_ASSIGNMENT_
Your answer should be a single number: how many lines in the data below hold the string "simp".

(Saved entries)

━━━━━━━━━━

section \<open>Quotients by preorders on the carrier\<close>

locale carrier_preorder =
  fixes A :: "('s,'u) pos" and sq :: "'s \<Rightarrow> 'u \<Rightarrow> 'u \<Rightarrow> bool"
  assumes refl: "x \<in> carr A s \<Longrightarrow> sq s x x"
    and trans: "x \<in> carr A s \<Longrightarrow> y \<in> carr A s \<Longrightarrow> z \<in> carr A s \<Longrightarrow> sq s x y \<Longrightarrow> sq s y z \<Longrightarrow> sq s x z"
begin

lemma qrep_spec:
  assumes "x \<in> carr A s"
  shows "qrep A sq s x \<in> carr A s \<and> sq s x (qrep A sq s x) \<and> sq s (qrep A sq s x) x"
  unfolding qrep_def by (rule someI[where x=x]) (simp add: assms refl)

lemma qrep_in_carr: "x \<in> carr A s \<Longrightarrow> qrep A sq s x \<in> carr A s"
  and sq_qrep: "x \<in> carr A s \<Longrightarrow> sq s x (qrep A sq s x)"
  and qrep_sq: "x \<in> carr A s \<Longrightarrow> sq s (qrep A sq s x) x"
  using qrep_spec by blast+

lemma qrep_eq_iff:
  assumes x: "x \<in> carr A s" and y: "y \<in> carr A s"
  shows "qrep A sq s x = qrep A sq s y \<longleftrightarrow> sq s x y \<and> sq s y x"
proof
  assume "qrep A sq s x = qrep A sq s y"
  then show "sq s x y \<and> sq s y x"
    using trans qrep_in_carr sq_qrep qrep_sq x y by metis
next
  assume "sq s x y \<and> sq s y x"
  then have "(\<lambda>z. z \<in> carr A s \<and> sq s x z \<and> sq s z x) = (\<lambda>z. z \<in> carr A s \<and> sq s y z \<and> sq s z y)"
    using trans x y by blast
  then show "qrep A sq s x = qrep A sq s y"
    unfolding qrep_def by simp
qed

lemma sq_qrep_iff:
  assumes "x \<in> carr A s" "y \<in> carr A s"
  shows "sq s (qrep A sq s x) (qrep A sq s y) \<longleftrightarrow> sq s x y"
  using assms trans qrep_in_carr sq_qrep qrep_sq by metis

lemma quot_is_pos: "is_pos (quot A sq)"
  unfolding is_pos_def carr_quot leq_quot
proof (intro allI conjI ballI impI)
  fix s x y z
  assume "x \<in> qrep A sq s ` carr A s" "y \<in> qrep A sq s ` carr A s" "z \<in> qrep A sq s ` carr A s"
  then obtain a b c where abc: "a \<in> carr A s" "b \<in> carr A s" "c \<in> carr A s"
    and "x = qrep A sq s a" "y = qrep A sq s b" "z = qrep A sq s c"
    by blast
  then show "sq s x x"
    and "sq s x y \<and> sq s y x \<Longrightarrow> x = y"
    and "sq s x y \<and> sq s y z \<Longrightarrow> sq s x z"
    using qrep_eq_iff sq_qrep_iff refl trans by metis+
qed

lemma up_closed_eq_qrep_preimage:
  assumes X: "X \<subseteq> carr A s" "\<forall>x\<in>X. \<forall>y\<in>carr A s. sq s x y \<longrightarrow> y \<in> X"
  shows "X = {y \<in> carr A s. qrep A sq s y \<in> qrep A sq s ` X}"
proof (intro set_eqI iffI)
  fix y assume "y \<in> {y \<in> carr A s. qrep A sq s y \<in> qrep A sq s ` X}"
  then obtain x where "x \<in> X" "y \<in> carr A s" "qrep A sq s x = qrep A sq s y"
    by (auto simp: image_iff)
  then show "y \<in> X"
    using X qrep_eq_iff by blast
qed (use X in blast)

lemma finite_up_closed_subsets:
  assumes "finite (carr (quot A sq) s)"
  shows "finite {X. X \<subseteq> carr A s \<and> (\<forall>x\<in>X. \<forall>y\<in>carr A s. sq s x y \<longrightarrow> y \<in> X)}"
    (is "finite ?Up")
proof (rule inj_on_finite)
  show "inj_on (\<lambda>X. qrep A sq s ` X) ?Up"
  proof (rule inj_onI)
    fix X Y assume X: "X \<in> ?Up" and Y: "Y \<in> ?Up" and eq: "qrep A sq s ` X = qrep A sq s ` Y"
    have "X = {y \<in> carr A s. qrep A sq s y \<in> qrep A sq s ` X}"
      using X by (intro up_closed_eq_qrep_preimage) auto
    also have "\<dots> = Y"
      unfolding eq using Y by (intro up_closed_eq_qrep_preimage[symmetric]) auto
    finally show "X = Y" .
  qed
  show "(\<lambda>X. qrep A sq s ` X) ` ?Up \<subseteq> Pow (carr (quot A sq) s)"
    by auto
  show "finite (Pow (carr (quot A sq) s))"
    using assms by simp
qed

lemma qrep_in_up_closed_iff:
  assumes P: "P \<subseteq> carr (quot A sq) s" "\<forall>x\<in>P. \<forall>y\<in>carr (quot A sq) s. sq s x y \<longrightarrow> y \<in> P"
    and t: "t \<in> carr A s"
  shows "qrep A sq s t \<in> P \<longleftrightarrow> (\<exists>c\<in>P. sq s c t)"
proof
  assume "qrep A sq s t \<in> P"
  then show "\<exists>c\<in>P. sq s c t"
    using qrep_sq[OF t] by blast
next
  assume "\<exists>c\<in>P. sq s c t"
  then obtain c where c: "c \<in> P" "sq s c t" by blast
  then have "c \<in> carr A s"
    using P(1) qrep_in_carr by auto
  then have "sq s c (qrep A sq s t)"
    using trans c(2) sq_qrep t qrep_in_carr by blast
  then show "qrep A sq s t \<in> P"
    using P c(1) t by auto
qed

━━━━━━━━━━

_REPLY TO THE EXERCISE_
4